# [Material provided]
-- Opening Marker --
(* (1) Let $M$ and $M'$ be $R$-modules with $W_R(M)\subseteq W_R(M')$. If $M'$ satisfies the dual of Property $\mathcal{A}$ (respectively, the dual of strong Property $\mathcal{A}$), then $M\oplus M'$ satisfies the dual of Property $\mathcal{A}$ (respectively, the dual of strong Property $\mathcal{A}$). (2) Let $N$ be a small submodule of an $R$-module $M$ (i.e. $X+N=M$ implies $X=M$ for every submodule $X$ of $M$). Then $M$ satisfies the dual of Property $\mathcal{A}$ if and only if $M/N$ does; and $M$ is secondal if and only if $M/N$ is secondal.
   Context: All rings are commutative with identity. For an $R$-module $M$, $W_R(M)=\{r\in R : rM\neq M\}$. An $R$-module $M$ satisfies the dual of Property $\mathcal{A}$ if for every finitely generated ideal $I$ of $R$ with $I\subseteq W_R(M)$ we have $IM\neq M$. A proper submodule $L$ of $M$ is completely irreducible if whenever $L=\bigcap_{i\in I}L_i$ for a family $\{L_i\}_{i\in I}$ of submodules of $M$, then $L=L_i$ for some $i$. An $R$-module $M$ satisfies the dual of strong Property $\mathcal{A}$ if for any $a_1,\dots,a_n\in W_R(M)$ there exists a completely irreducible submodule $L$ of $M$ with $a_iM\subseteq L\neq M$ for all $i=1,\dots,n$. A nonzero $R$-module $N$ is secondal if $W_R(N)$ is an ideal of $R$. *)

theory Defs
  imports Main HOL.Modules "HOL-Library.Product_Plus"
begin

text \<open>An R-module M is represented by a type 'm::ab_group_add together with a
scalar multiplication s :: 'r \<Rightarrow> 'm \<Rightarrow> 'm satisfying module s, where
'r::comm_ring_1 is the ring R. The module M is the whole type.\<close>

definition W :: "('r::comm_ring_1 \<Rightarrow> 'm::ab_group_add \<Rightarrow> 'm) \<Rightarrow> 'r set" where
  "W s = {r. range (s r) \<noteq> UNIV}"

definition is_ideal :: "'r::comm_ring_1 set \<Rightarrow> bool" where
  "is_ideal I \<longleftrightarrow> 0 \<in> I \<and> (\<forall>a\<in>I. \<forall>b\<in>I. a + b \<in> I) \<and> (\<forall>r. \<forall>a\<in>I. r * a \<in> I)"

definition ideal_gen :: "'r::comm_ring_1 set \<Rightarrow> 'r set" where
  "ideal_gen A = {\<Sum>a\<in>F. c a * a | F c. finite F \<and> F \<subseteq> A}"

definition fg_ideal :: "'r::comm_ring_1 set \<Rightarrow> bool" where
  "fg_ideal I \<longleftrightarrow> (\<exists>A. finite A \<and> I = ideal_gen A)"

definition ideal_times :: "('r::comm_ring_1 \<Rightarrow> 'm::ab_group_add \<Rightarrow> 'm) \<Rightarrow> 'r set \<Rightarrow> 'm set" where
  "ideal_times s I = module.span s {s r x | r x. r \<in> I}"

definition dual_A :: "('r::comm_ring_1 \<Rightarrow> 'm::ab_group_add \<Rightarrow> 'm) \<Rightarrow> bool" where
  "dual_A s \<longleftrightarrow> (\<forall>I. fg_ideal I \<and> I \<subseteq> W s \<longrightarrow> ideal_times s I \<noteq> UNIV)"

definition completely_irreducible :: "('r::comm_ring_1 \<Rightarrow> 'm::ab_group_add \<Rightarrow> 'm) \<Rightarrow> 'm set \<Rightarrow> bool" where
  "completely_irreducible s L \<longleftrightarrow> module.subspace s L \<and> L \<noteq> UNIV \<and>
     (\<forall>\<L>. (\<forall>Li\<in>\<L>. module.subspace s Li) \<and> L = \<Inter>\<L> \<longrightarrow> L \<in> \<L>)"

definition dual_strong_A :: "('r::comm_ring_1 \<Rightarrow> 'm::ab_group_add \<Rightarrow> 'm) \<Rightarrow> bool" where
  "dual_strong_A s \<longleftrightarrow> (\<forall>A. finite A \<and> A \<noteq> {} \<and> A \<subseteq> W s \<longrightarrow>
     (\<exists>L. completely_irreducible s L \<and> (\<forall>a\<in>A. range (s a) \<subseteq> L)))"

definition secondal :: "('r::comm_ring_1 \<Rightarrow> 'm::ab_group_add \<Rightarrow> 'm) \<Rightarrow> bool" where
  "secondal s \<longleftrightarrow> (UNIV :: 'm set) \<noteq> {0} \<and> is_ideal (W s)"

definition dsum_scale :: "('r::comm_ring_1 \<Rightarrow> 'm::ab_group_add \<Rightarrow> 'm) \<Rightarrow> ('r \<Rightarrow> 'n::ab_group_add \<Rightarrow> 'n) \<Rightarrow> 'r \<Rightarrow> 'm \<times> 'n \<Rightarrow> 'm \<times> 'n" where
  "dsum_scale s s' r p = (s r (fst p), s' r (snd p))"

definition small_submodule :: "('r::comm_ring_1 \<Rightarrow> 'm::ab_group_add \<Rightarrow> 'm) \<Rightarrow> 'm set \<Rightarrow> bool" where
  "small_submodule s N \<longleftrightarrow> module.subspace s N \<and>
     (\<forall>X. module.subspace s X \<and> {x + n | x n. x \<in> X \<and> n \<in> N} = UNIV \<longrightarrow> X = UNIV)"

end

theory Submission
  imports Defs
begin

text \<open>Both parts are about transport along a surjective homomorphism \<open>f : P \<rightarrow> Q\<close>.
Since \<open>rQ = f(rP)\<close> and \<open>IQ = f(IP)\<close>, we get \<open>W(Q) \<subseteq> W(P)\<close>, and preimages of completely
irreducible submodules of \<open>Q\<close> are completely irreducible in \<open>P\<close>, because every submodule
containing \<open>f\<^sup>-\<^sup>1(L)\<close> contains \<open>ker f\<close> and is therefore saturated. Hence when \<open>W(P) \<subseteq> W(Q)\<close>
the dual (strong) Property \<open>\<A>\<close> descends from \<open>Q\<close> to \<open>P\<close>; part (1) applies this to the projection
\<open>M \<oplus> M' \<rightarrow> M'\<close>, for which \<open>W(M \<oplus> M') = W(M) \<union> W(M')\<close>. If moreover \<open>ker f\<close> is small, a
submodule \<open>X\<close> of \<open>P\<close> with \<open>f(X) = Q\<close> is all of \<open>P\<close>, so \<open>W\<close>, the products \<open>IM\<close> and the zero
module correspond exactly under \<open>f\<close>, which gives part (2).\<close>

lemma range_scale_subspace:
  assumes "module s" shows "module.subspace s (range (s r))"
proof -
  interpret module s by fact
  show ?thesis
  proof (unfold subspace_def, safe)
    show "0 \<in> range (s r)" by (metis rangeI scale_zero_right)
  next
    fix a b show "s r a + s r b \<in> range (s r)" by (metis rangeI scale_right_distrib)
  next
    fix c a show "s c (s r a) \<in> range (s r)" by (metis rangeI scale_left_commute)
  qed
qed

context module_hom
begin

lemma range_scale_image:
  assumes "surj f" shows "range (s2 r) = f ` range (s1 r)"
proof -
  have "range (s2 r) = s2 r ` range f" using assms by simp
  also have "\<dots> = f ` range (s1 r)" by (simp add: image_image scale)
  finally show ?thesis .
qed

lemma ideal_times_image:
  assumes "surj f" shows "f ` ideal_times s1 I = ideal_times s2 I"
proof -
  have "f ` {s1 r x | r x. r \<in> I} = {s2 r y | r y. r \<in> I}"
  proof (intro equalityI subsetI)
    fix z assume "z \<in> {s2 r y | r y. r \<in> I}"
    then obtain r y where "r \<in> I" "z = s2 r y" by blast
    moreover obtain x where "y = f x" using assms by (metis surjD)
    ultimately have "z = f (s1 r x)" by (simp add: scale)
    with \<open>r \<in> I\<close> show "z \<in> f ` {s1 r x | r x. r \<in> I}" by blast
  qed (fastforce simp: scale)
  then show ?thesis
    unfolding ideal_times_def by (simp flip: span_image)
qed

lemma completely_irreducible_vimage:
  assumes "surj f" and L: "completely_irreducible s2 L"
  shows "completely_irreducible s1 (f -` L)"
proof -
  have sub: "m2.subspace L" and proper: "L \<noteq> UNIV"
    and irr: "\<And>\<L>. \<forall>K\<in>\<L>. m2.subspace K \<Longrightarrow> L = \<Inter>\<L> \<Longrightarrow> L \<in> \<L>"
    using L unfolding completely_irreducible_def by blast+
  have "f -` L \<in> \<L>" if subs: "\<forall>K\<in>\<L>. m1.subspace K" and eq: "f -` L = \<Inter>\<L>" for \<L>
  proof -
    \<comment> \<open>each \<open>K \<in> \<L>\<close> contains \<open>f\<^sup>-\<^sup>1(L) \<supseteq> ker f\<close>\<close>
    have saturated: "f -` f ` K = K" if K: "K \<in> \<L>" for K
    proof
      show "f -` f ` K \<subseteq> K"
      proof
        fix x assume "x \<in> f -` f ` K"
        then obtain y where y: "y \<in> K" "f x = f y" by auto
        have "f (x - y) \<in> L" using y(2) m2.subspace_0[OF sub] by (simp add: diff)
        then have "x - y \<in> K" using eq K by blast
        from m1.subspace_add[OF _ this y(1)] subs K show "x \<in> K" by simp
      qed
    qed blast
    have "L = \<Inter>((`) f ` \<L>)"
    proof (rule set_eqI)
      fix y
      obtain x where y: "y = f x" using \<open>surj f\<close> by (metis surjD)
      have "y \<in> L \<longleftrightarrow> (\<forall>K\<in>\<L>. x \<in> K)" using eq y by auto
      also have "\<dots> \<longleftrightarrow> (\<forall>K\<in>\<L>. x \<in> f -` f ` K)" using saturated by auto
      finally show "y \<in> L \<longleftrightarrow> y \<in> \<Inter>((`) f ` \<L>)" using y by auto
    qed
    then obtain K where "K \<in> \<L>" "L = f ` K"
      using irr[of "(`) f ` \<L>"] subs subspace_image by blast
    then show ?thesis using saturated by auto
  qed
  moreover have "f -` L \<noteq> UNIV"
    using proper surj_image_vimage_eq[OF \<open>surj f\<close>, of L] \<open>surj f\<close> by force
  ultimately show ?thesis
    unfolding completely_irreducible_def using subspace_vimage[OF sub] by blast
qed

lemma dual_A_from_codomain:
  assumes "surj f" "W s1 \<subseteq> W s2" "dual_A s2" shows "dual_A s1"
  unfolding dual_A_def
proof (intro allI impI notI)
  fix I assume I: "fg_ideal I \<and> I \<subseteq> W s1" and full: "ideal_times s1 I = UNIV"
  have "ideal_times s2 I \<noteq> UNIV" using I assms(2,3) unfolding dual_A_def by blast
  moreover have "ideal_times s2 I = UNIV"
    using ideal_times_image[OF assms(1), of I] full assms(1) by simp
  ultimately show False by blast
qed

lemma dual_strong_A_from_codomain:
  assumes "surj f" "W s1 \<subseteq> W s2" "dual_strong_A s2" shows "dual_strong_A s1"
  unfolding dual_strong_A_def
proof (intro allI impI)
  fix A assume "finite A \<and> A \<noteq> {} \<and> A \<subseteq> W s1"
  with assms(2) have "finite A \<and> A \<noteq> {} \<and> A \<subseteq> W s2" by blast
  with assms(3) have "\<exists>L. completely_irreducible s2 L \<and> (\<forall>a\<in>A. range (s2 a) \<subseteq> L)"
    unfolding dual_strong_A_def by blast
  then obtain L where L: "completely_irreducible s2 L" "\<forall>a\<in>A. range (s2 a) \<subseteq> L"
    by blast
  have "\<forall>a\<in>A. range (s1 a) \<subseteq> f -` L" using L(2) by (auto simp: scale image_subset_iff)
  then show "\<exists>L. completely_irreducible s1 L \<and> (\<forall>a\<in>A. range (s1 a) \<subseteq> L)"
    using completely_irreducible_vimage[OF assms(1) L(1)] by blast
qed

lemma image_eq_UNIV_iff_small_kernel:
  assumes "surj f" "small_submodule s1 {x. f x = 0}" "m1.subspace X"
  shows "f ` X = UNIV \<longleftrightarrow> X = UNIV"
proof
  assume fX: "f ` X = UNIV"
  have "{x + n | x n. x \<in> X \<and> n \<in> {x. f x = 0}} = UNIV"
  proof (intro set_eqI iffI)
    fix m
    obtain x where x: "x \<in> X" "f x = f m" using fX by (metis UNIV_I imageE)
    then have "m = x + (m - x)" "f (m - x) = 0" by (simp_all add: diff)
    with x(1) show "m \<in> {x + n | x n. x \<in> X \<and> n \<in> {x. f x = 0}}" by blast
  qed simp
  with assms(2,3) show "X = UNIV" unfolding small_submodule_def by blast
qed (use assms(1) in simp)

lemma W_eq_small_kernel:
  assumes "surj f" "small_submodule s1 {x. f x = 0}" shows "W s1 = W s2"
  using range_scale_image[OF assms(1)]
    image_eq_UNIV_iff_small_kernel[OF assms range_scale_subspace[OF m1.module_axioms]]
  by (auto simp: W_def)

lemma dual_A_iff_small_kernel:
  assumes "surj f" "small_submodule s1 {x. f x = 0}" shows "dual_A s1 \<longleftrightarrow> dual_A s2"
proof
  assume "dual_A s1"
  moreover have "ideal_times s2 I = UNIV \<longleftrightarrow> ideal_times s1 I = UNIV" for I
    using image_eq_UNIV_iff_small_kernel[OF assms, of "ideal_times s1 I"]
      ideal_times_image[OF assms(1), of I]
    by (simp add: ideal_times_def m1.subspace_span)
  ultimately show "dual_A s2" using W_eq_small_kernel[OF assms] by (simp add: dual_A_def)
qed (use dual_A_from_codomain W_eq_small_kernel assms in blast)

lemma secondal_iff_small_kernel:
  assumes "surj f" "small_submodule s1 {x. f x = 0}" shows "secondal s1 \<longleftrightarrow> secondal s2"
proof -
  have "(UNIV :: 'b set) = {0} \<longleftrightarrow> f ` {0} = UNIV"
    using image_eq_UNIV_iff_small_kernel[OF assms m1.subspace_single_0] by auto
  also have "\<dots> \<longleftrightarrow> (UNIV :: 'c set) = {0}" by auto
  finally show ?thesis unfolding secondal_def W_eq_small_kernel[OF assms] by simp
qed

end

lemma module_dsum_scale:
  assumes "module s" "module s'" shows "module (dsum_scale s s')"
  using assms unfolding module_def dsum_scale_def by (auto simp: algebra_simps)

lemma module_hom_snd_dsum_scale:
  assumes "module s" "module s'" shows "module_hom (dsum_scale s s') s' snd"
  using assms module_dsum_scale by (auto simp: module_hom_def module_hom_axioms_def dsum_scale_def)

lemma W_dsum_scale: "W (dsum_scale s s') = W s \<union> W s'"
proof -
  have "range (dsum_scale s s' r) = range (s r) \<times> range (s' r)" for r
    by (auto simp: dsum_scale_def image_iff)
  then have "range (dsum_scale s s' r) = UNIV \<longleftrightarrow> range (s r) = UNIV \<and> range (s' r) = UNIV" for r
    using times_eq_iff[of "range (s r)" "range (s' r)" UNIV UNIV] by simp
  then show ?thesis by (auto simp: W_def)
qed

theorem theorem2p12:
  fixes s :: "'r::comm_ring_1 \<Rightarrow> 'm::ab_group_add \<Rightarrow> 'm"
    and s' :: "'r \<Rightarrow> 'n::ab_group_add \<Rightarrow> 'n"
    and t :: "'r \<Rightarrow> 'p::ab_group_add \<Rightarrow> 'p"
    and u :: "'r \<Rightarrow> 'q::ab_group_add \<Rightarrow> 'q"
    and f :: "'p \<Rightarrow> 'q"
    and N :: "'p set"
  shows "(module s \<and> module s' \<and> W s \<subseteq> W s' \<longrightarrow>
            (dual_A s' \<longrightarrow> dual_A (dsum_scale s s')) \<and>
            (dual_strong_A s' \<longrightarrow> dual_strong_A (dsum_scale s s')))
       \<and> (module t \<and> module u \<and> module_hom t u f \<and> surj f \<and> {x. f x = 0} = N \<and>
            small_submodule t N \<longrightarrow>
            (dual_A t \<longleftrightarrow> dual_A u) \<and> (secondal t \<longleftrightarrow> secondal u))"
proof (intro conjI impI)
  assume "module s \<and> module s' \<and> W s \<subseteq> W s'"
  then have snd: "module_hom (dsum_scale s s') s' snd"
    and W: "W (dsum_scale s s') \<subseteq> W s'"
    by (auto simp: module_hom_snd_dsum_scale W_dsum_scale)
  have surj: "surj (snd :: 'm \<times> 'n \<Rightarrow> 'n)" by (metis snd_conv surjI)
  show "dual_A s' \<Longrightarrow> dual_A (dsum_scale s s')"
    by (rule module_hom.dual_A_from_codomain[OF snd surj W])
  show "dual_strong_A s' \<Longrightarrow> dual_strong_A (dsum_scale s s')"
    by (rule module_hom.dual_strong_A_from_codomain[OF snd surj W])
next
  assume "module t \<and> module u \<and> module_hom t u f \<and> surj f \<and> {x. f x = 0} = N \<and>
    small_submodule t N"
  then have hom: "module_hom t u f" and surj: "surj f" and small: "small_submodule t {x. f x = 0}"
    by auto
  show "dual_A t \<longleftrightarrow> dual_A u"
    by (rule module_hom.dual_A_iff_small_kernel[OF hom surj small])
  show "secondal t \<longleftrightarrow> secondal u"
    by (rule module_hom.secondal_iff_small_kernel[OF hom surj small])
qed

end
-- Closing Marker --
# [Exercise directions]
From the entries above, return each line with the word "finally" in it.

# [Task result]
  finally show ?thesis .
      finally show "y \<in> L \<longleftrightarrow> y \<in> \<Inter>((`) f ` \<L>)" using y by auto
  finally show ?thesis unfolding secondal_def W_eq_small_kernel[OF assms] by simp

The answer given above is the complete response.